This repository processes and combines human gene-pathway data from PathwayCommons and WikiPathways. It focuses on the associations between human genes and various biological pathways sourced from these platforms, creating a unified dataset for genomic analysis.
conda env create -f environment.yml
conda activate human-gene-pathway
bash download.sh
python process.py
- protein_coding_gene.csv
- The file is a CSV containing extracted data on protein-coding genes from the NCBI dataset.
- wikipathways-Homo_sapiens.gmt
- Downloaded from the WikiPathways database, this file contains curated biological pathways for Homo sapiens (humans). Each entry includes pathway information such as gene sets associated with specific biological processes or diseases.
- WikiPathways is an open-source platform that offers manually curated biological pathways.

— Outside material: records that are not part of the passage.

lemma (in comm_group) internal_direct_sum_mult_ne_one:
  assumes "internal_direct_sum G S" "W1 \<in> S" "W2 \<in> S" "W1 \<noteq> W2"
    and "x \<in> W1" "y \<in> W2" "x \<noteq> \<one>" "y \<noteq> \<one>"
  shows "x \<otimes> y \<noteq> \<one>"
proof
  have "subgroup W1 G" "subgroup W2 G"
    using assms(1-3) unfolding internal_direct_sum_def by blast+
  then have one: "\<one> \<in> W1" "\<one> \<in> W2"
    by (simp_all add: subgroup.one_closed)
  assume "x \<otimes> y = \<one>"
  then have "x \<otimes> y = \<one> \<otimes> \<one>"
    by simp
  from internal_direct_sum_summands_unique[OF assms(1-4) assms(2-4) assms(5,6) one this assms(7,8)]
  show False
    using assms(7) by blast
qed

lemma (in comm_group) internal_direct_sum_pair:
  assumes W: "subgroup W G" and U: "subgroup U G" and distinct: "W \<noteq> U"
    and disjoint: "W \<inter> U = {\<one>}" and spanning: "W <#> U = carrier G"
  shows "internal_direct_sum G {W, U}"
  unfolding internal_direct_sum_def
proof (intro conjI ballI)
  fix v assume "v \<in> carrier G"
  then obtain w u where wu: "w \<in> W" "u \<in> U" "v = w \<otimes> u"
    using spanning unfolding set_mult_def by blast
  have WG: "W \<subseteq> carrier G" and UG: "U \<subseteq> carrier G"
    using W U subgroup.subset by auto
  have prod: "finprod G f {W, U} = f W \<otimes> f U" if "f \<in> (\<Pi>\<^sub>E Z\<in>{W, U}. Z)" for f
  proof -
    have "f W \<in> carrier G" "f U \<in> carrier G"
      using that WG UG by auto
    then show ?thesis
      using distinct by (simp add: finprod_insert)
  qed
  show "\<exists>!f. f \<in> (\<Pi>\<^sub>E Z\<in>{W, U}. Z) \<and> finprod G f {W, U} = v"
  proof
    let ?f = "\<lambda>Z\<in>{W, U}. if Z = W then w else u"
    show "?f \<in> (\<Pi>\<^sub>E Z\<in>{W, U}. Z) \<and> finprod G ?f {W, U} = v"
      using wu distinct prod[of ?f] by auto
  next
    fix f assume f: "f \<in> (\<Pi>\<^sub>E Z\<in>{W, U}. Z) \<and> finprod G f {W, U} = v"
    then have fW: "f W \<in> W" and fU: "f U \<in> U" and "f W \<otimes> f U = w \<otimes> u"
      using prod wu by auto
    have carr: "w \<in> carrier G" "u \<in> carrier G" "f W \<in> carrier G" "f U \<in> carrier G"
      using WG UG fW fU wu by auto
    have "(inv w \<otimes> f W) \<otimes> f U = inv w \<otimes> (w \<otimes> u)"
      using carr \<open>f W \<otimes> f U = w \<otimes> u\<close> by (simp add: m_assoc)
    also have "\<dots> = u"
      using carr by (simp add: m_assoc[symmetric])
    finally have "inv w \<otimes> f W = u \<otimes> inv (f U)"
      using carr by (simp add: inv_solve_right)
    moreover have "inv w \<otimes> f W \<in> W" "u \<otimes> inv (f U) \<in> U"
      using W U fW fU wu by (auto intro: subgroup.m_closed subgroup.m_inv_closed)
    ultimately have "inv w \<otimes> f W = \<one>" "u \<otimes> inv (f U) = \<one>"
      using disjoint by auto
    then have "f W = w" "f U = u"
      using carr by (simp_all add: inv_solve_left' inv_solve_right')
    then show "f = (\<lambda>Z\<in>{W, U}. if Z = W then w else u)"
      using f by (intro extensionalityI[where A = "{W, U}"]) (auto simp: PiE_iff)
  qed
qed (use W U in blast)+

sublocale group_action \<subseteq> group G
  by (rule group_hom.axioms(1)[OF group_hom])

lemma (in group_action) invariant_image_eq:
  assumes "A \<subseteq> E" "\<And>g. g \<in> carrier G \<Longrightarrow> \<phi> g ` A \<subseteq> A" "g \<in> carrier G"
  shows "\<phi> g ` A = A"
proof
  show "A \<subseteq> \<phi> g ` A"
  proof
    fix a assume a: "a \<in> A"
    then have "\<phi> g (\<phi> (inv g) a) = \<phi> \<one> a"
      using assms composition_rule[of a g "inv g"] by auto
    also have "\<dots> = a"
      using a assms(1) id_eq_one[symmetric] by auto
    finally show "a \<in> \<phi> g ` A"
      using a assms by (metis image_eqI image_subset_iff inv_closed)
  qed
qed (use assms in auto)

lemma (in group_action) fixed_point_pow:
  fixes k :: nat
  assumes "g \<in> carrier G" "x \<in> E" "\<phi> g x = x"
  shows "\<phi> (g [^] k) x = x"
proof (induction k)
  case 0
  show ?case
    using assms(2) id_eq_one[symmetric] by auto
next
  case (Suc k)
  show ?case
    using assms Suc composition_rule[of x "g [^] k" g] by (simp add: nat_pow_Suc)
qed

lemma (in group_action) swapped_by_odd_power_eq:
  fixes n :: nat
  assumes h: "h \<in> carrier G" "h [^] n = \<one>" "odd n"
    and x: "x \<in> E" "\<phi> h x = y" "\<phi> h y = x"
  shows "x = y"
proof -
  have "\<phi> (h [^] (2::nat)) x = x"
    using h x composition_rule[of x h h] by (simp add: numeral_2_eq_2 nat_pow_Suc2)
  then have "\<phi> ((h [^] (2::nat)) [^] ((n + 1) div 2)) x = x"
    using h(1) x(1) by (metis fixed_point_pow nat_pow_closed)
  moreover have "(h [^] (2::nat)) [^] ((n + 1) div 2) = h [^] (2 * ((n + 1) div 2))"
    by (rule nat_pow_pow[OF h(1)])
  moreover have "2 * ((n + 1) div 2) = Suc n"
    using \<open>odd n\<close> by presburger
  moreover have "h [^] Suc n = h"
    using h by (simp add: nat_pow_Suc)
  ultimately have "\<phi> h x = x"
    by simp
  then show ?thesis
    using x by simp
qed

lemma (in group) pow_card_subgroup_eq_one:
  assumes "subgroup H G" "h \<in> H"
  shows "h [^] card H = \<one>"
proof -
  interpret H: group "G\<lparr>carrier := H\<rparr>"
    using subgroup_imp_group assms(1) by blast
  have "h [^]\<^bsub>G\<lparr>carrier := H\<rparr>\<^esub> card H = \<one>"
    using H.pow_order_eq_1 assms(2) by (simp add: order_def)
  then show ?thesis
    using nat_pow_consistent[of h "card H" H] by simp
qed

lemma (in faithful_action) trivial_action_eq_one:
  assumes "g \<in> carrier G" "\<And>x. x \<in> E \<Longrightarrow> \<phi> g x = x"
  shows "g = \<one>"
proof -
  have "\<phi> g \<in> extensional E"
    using bij_prop0[OF assms(1)] Bij_imp_extensional by blast
  then have "\<phi> g = \<phi> \<one>"
    using assms(2) id_eq_one[symmetric] by (auto simp: extensional_def)
  then show ?thesis
    using faithful assms(1) by (meson one_closed inj_on_eq_iff)
qed

locale automorphism_action = group_action G "carrier V" \<phi> + V: comm_group V
  for G :: "('g, 'm) monoid_scheme" (structure) and V :: "('v, 'n) monoid_scheme" and \<phi> +
  assumes action_hom: "g \<in> carrier G \<Longrightarrow> \<phi> g \<in> hom V V"
begin

lemma action_one: "g \<in> carrier G \<Longrightarrow> \<phi> g \<one>\<^bsub>V\<^esub> = \<one>\<^bsub>V\<^esub>"
  using action_hom V.is_group by (simp add: group_hom_def group_hom_axioms_def group_hom.hom_one)

lemma action_mult:
  "g \<in> carrier G \<Longrightarrow> x \<in> carrier V \<Longrightarrow> y \<in> carrier V \<Longrightarrow>
    \<phi> g (x \<otimes>\<^bsub>V\<^esub> y) = \<phi> g x \<otimes>\<^bsub>V\<^esub> \<phi> g y"
  using action_hom by (simp add: hom_mult)

lemma fixes_internal_direct_sum:
  assumes sum: "internal_direct_sum V S" and g: "g \<in> carrier G"
    and fixes_summands: "\<And>W w. W \<in> S \<Longrightarrow> w \<in> W \<Longrightarrow> \<phi> g w = w"
    and v: "v \<in> carrier V"
  shows "\<phi> g v = v"
proof -
  obtain f where f: "f \<in> (\<Pi>\<^sub>E W\<in>S. W)" "finprod V f S = v"
    using sum v unfolding internal_direct_sum_def by blast
  have f_summand: "f W \<in> W" if "W \<in> S" for W
    using f(1) that by (simp add: PiE_iff)
  have "f \<in> S \<rightarrow> carrier V"
    using f_summand sum subgroup.subset unfolding internal_direct_sum_def by blast
  then have "\<phi> g (finprod V f S) = finprod V (\<phi> g \<circ> f) S"
    by (rule V.hom_finprod[OF V.comm_group_axioms action_hom[OF g]])
  also have "\<dots> = finprod V f S"
    by (rule V.finprod_cong') (simp_all add: \<open>f \<in> S \<rightarrow> carrier V\<close> fixes_summands f_summand)
  finally show ?thesis
    using f(2) by simp
qed

lemma fixes_summands_if_fixes_sum:
  fixes n :: nat
  assumes sum: "internal_direct_sum V S"
    and permuted: "\<And>g W. g \<in> carrier G \<Longrightarrow> W \<in> S \<Longrightarrow> \<phi> g ` W \<in> S"
    and W: "W1 \<in> S" "W2 \<in> S" "W1 \<noteq> W2"
    and x: "x \<in> W1" "x \<noteq> \<one>\<^bsub>V\<^esub>" and y: "y \<in> W2" "y \<noteq> \<one>\<^bsub>V\<^esub>"
    and h: "h \<in> carrier G" "h [^] n = \<one>" "odd n" "\<phi> h (x \<otimes>\<^bsub>V\<^esub> y) = x \<otimes>\<^bsub>V\<^esub> y"
  shows "\<phi> h x = x \<and> \<phi> h y = y"
proof -
  have sub: "W1 \<subseteq> carrier V" "W2 \<subseteq> carrier V"
    using sum W subgroup.subset unfolding internal_direct_sum_def by blast+
  then have "\<phi> h ` W1 \<noteq> \<phi> h ` W2"
    using inj_prop[OF h(1)] W(3) by (simp add: inj_on_image_eq_iff)
  moreover have "x \<otimes>\<^bsub>V\<^esub> y = \<phi> h x \<otimes>\<^bsub>V\<^esub> \<phi> h y"
    using h sub x y action_mult by (metis subsetD)
  ultimately have "(x = \<phi> h x \<and> y = \<phi> h y) \<or> (x = \<phi> h y \<and> y = \<phi> h x)"
    using V.internal_direct_sum_summands_unique[OF sum W permuted[OF h(1) W(1)] permuted[OF h(1) W(2)]]
      x y by blast
  then show ?thesis
    using swapped_by_odd_power_eq[OF h(1-3)] sub x(1) by (metis subsetD)
qed

end

locale unique_fixer_action = automorphism_action G V \<phi> + faithful_action G "carrier V" \<phi>
  for G :: "('g, 'm) monoid_scheme" (structure) and V :: "('v, 'n) monoid_scheme" and \<phi> +
  fixes n :: nat
  assumes odd_order: "odd n" and order_ne_one: "n \<noteq> 1"
    and unique_fixer: "\<And>v. v \<in> carrier V \<Longrightarrow> v \<noteq> \<one>\<^bsub>V\<^esub> \<Longrightarrow>
      \<exists>!H. subgroup H G \<and> card H = n \<and> (\<forall>h \<in> H. \<phi> h v = v)"
begin

definition fixer :: "'v \<Rightarrow> 'g set" where
  "fixer v = (THE H. subgroup H G \<and> card H = n \<and> (\<forall>h \<in> H. \<phi> h v = v))"

lemma fixer:
  assumes "v \<in> carrier V" "v \<noteq> \<one>\<^bsub>V\<^esub>"
  shows "subgroup (fixer v) G" "card (fixer v) = n" "\<And>h. h \<in> fixer v \<Longrightarrow> \<phi> h v = v"
  using theI'[OF unique_fixer[OF assms]] unfolding fixer_def by blast+

lemma fixer_eqI:
  assumes "v \<in> carrier V" "v \<noteq> \<one>\<^bsub>V\<^esub>" "subgroup H G" "card H = n" "\<And>h. h \<in> H \<Longrightarrow> \<phi> h v = v"
  shows "fixer v = H"
  unfolding fixer_def using assms by (intro the1_equality[OF unique_fixer[OF assms(1,2)]]) blast

lemma fixer_moves_some_vector:
  assumes "v \<in> carrier V" "v \<noteq> \<one>\<^bsub>V\<^esub>"
  obtains h u where "h \<in> fixer v" "u \<in> carrier V" "\<phi> h u \<noteq> u"
proof (rule ccontr)
  assume "\<not> thesis"
  then have "fixer v \<subseteq> {\<one>}"
    using that fixer(1)[OF assms] subgroup.subset trivial_action_eq_one by blast
  then have "card (fixer v) \<le> 1"
    using card_mono[of "{\<one>}"] by fastforce
  then show False
    using fixer(2)[OF assms] odd_order order_ne_one by presburger
qed

lemma fixer_summands_eq:
  assumes sum: "internal_direct_sum V S"
    and permuted: "\<And>g W. g \<in> carrier G \<Longrightarrow> W \<in> S \<Longrightarrow> \<phi> g ` W \<in> S"
    and W: "W1 \<in> S" "W2 \<in> S" "W1 \<noteq> W2"
    and x: "x \<in> W1" "x \<noteq> \<one>\<^bsub>V\<^esub>" and y: "y \<in> W2" "y \<noteq> \<one>\<^bsub>V\<^esub>"
  shows "fixer x = fixer y"
proof -
  have carrier: "x \<in> carrier V" "y \<in> carrier V"
    using sum W x y subgroup.subset unfolding internal_direct_sum_def by blast+
  let ?v = "x \<otimes>\<^bsub>V\<^esub> y"
  have v: "?v \<in> carrier V" "?v \<noteq> \<one>\<^bsub>V\<^esub>"
    using carrier V.internal_direct_sum_mult_ne_one[OF sum W x(1) y(1) x(2) y(2)] by auto
  have fixed: "\<phi> h x = x \<and> \<phi> h y = y" if h: "h \<in> fixer ?v" for h
  proof -
    have "h \<in> carrier G"
      using fixer(1)[OF v] h subgroup.subset by blast
    moreover have "h [^] n = \<one>"
      using pow_card_subgroup_eq_one[OF fixer(1)[OF v] h] fixer(2)[OF v] by simp
    ultimately show ?thesis
      using fixes_summands_if_fixes_sum[OF sum permuted W x y _ _ odd_order] fixer(3)[OF v h] by blast
  qed
  have "fixer x = fixer ?v" "fixer y = fixer ?v"
    using fixed by (intro fixer_eqI carrier x(2) y(2) fixer(1,2)[OF v]; blast)+
  then show ?thesis
    by simp
qed

lemma fixer_summand_eq:
  assumes sum: "internal_direct_sum V S"
    and permuted: "\<And>g W. g \<in> carrier G \<Longrightarrow> W \<in> S \<Longrightarrow> \<phi> g ` W \<in> S"
    and W: "W1 \<in> S" "W2 \<in> S" "W1 \<noteq> W2"
    and x: "x \<in> W1" "x \<noteq> \<one>\<^bsub>V\<^esub>" and y: "y \<in> W2" "y \<noteq> \<one>\<^bsub>V\<^esub>"
    and w: "W \<in> S" "w \<in> W" "w \<noteq> \<one>\<^bsub>V\<^esub>"
  shows "fixer w = fixer x"
proof (cases "W = W1")
  case True
  then have "fixer w = fixer y"
    using fixer_summands_eq[OF sum permuted W _ w(3) y] w(2) by blast
  also have "\<dots> = fixer x"
    using fixer_summands_eq[OF sum permuted W x y] by simp
  finally show ?thesis .
next
  case False
  then show ?thesis
    using fixer_summands_eq[OF sum permuted W(1) w(1) _ x w(2,3)] by simp
qed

- PathwayCommons12.All.hgnc.gmt
- This file from Pathway Commons provides comprehensive pathway data, including gene interactions and pathway information.
- PathwayCommons is a comprehensive collection of pathways from multiple databases.
- node_Pathway.csv.gz
- This file lists all the pathways with their identifiers, names, and URLs.
- edge_Gene_participatesIn_Pathway.csv.gz
- This file describes the associations between genes and pathways.
Note: These CSV files are formatted for easy import into Neo4j.
All original content in this repository is released as CC0 1.0 (public domain). WikiPathways data is licensed as CC BY 3.0. Reactome data is licensed as CC BY 4.0. PID data is in the public domain.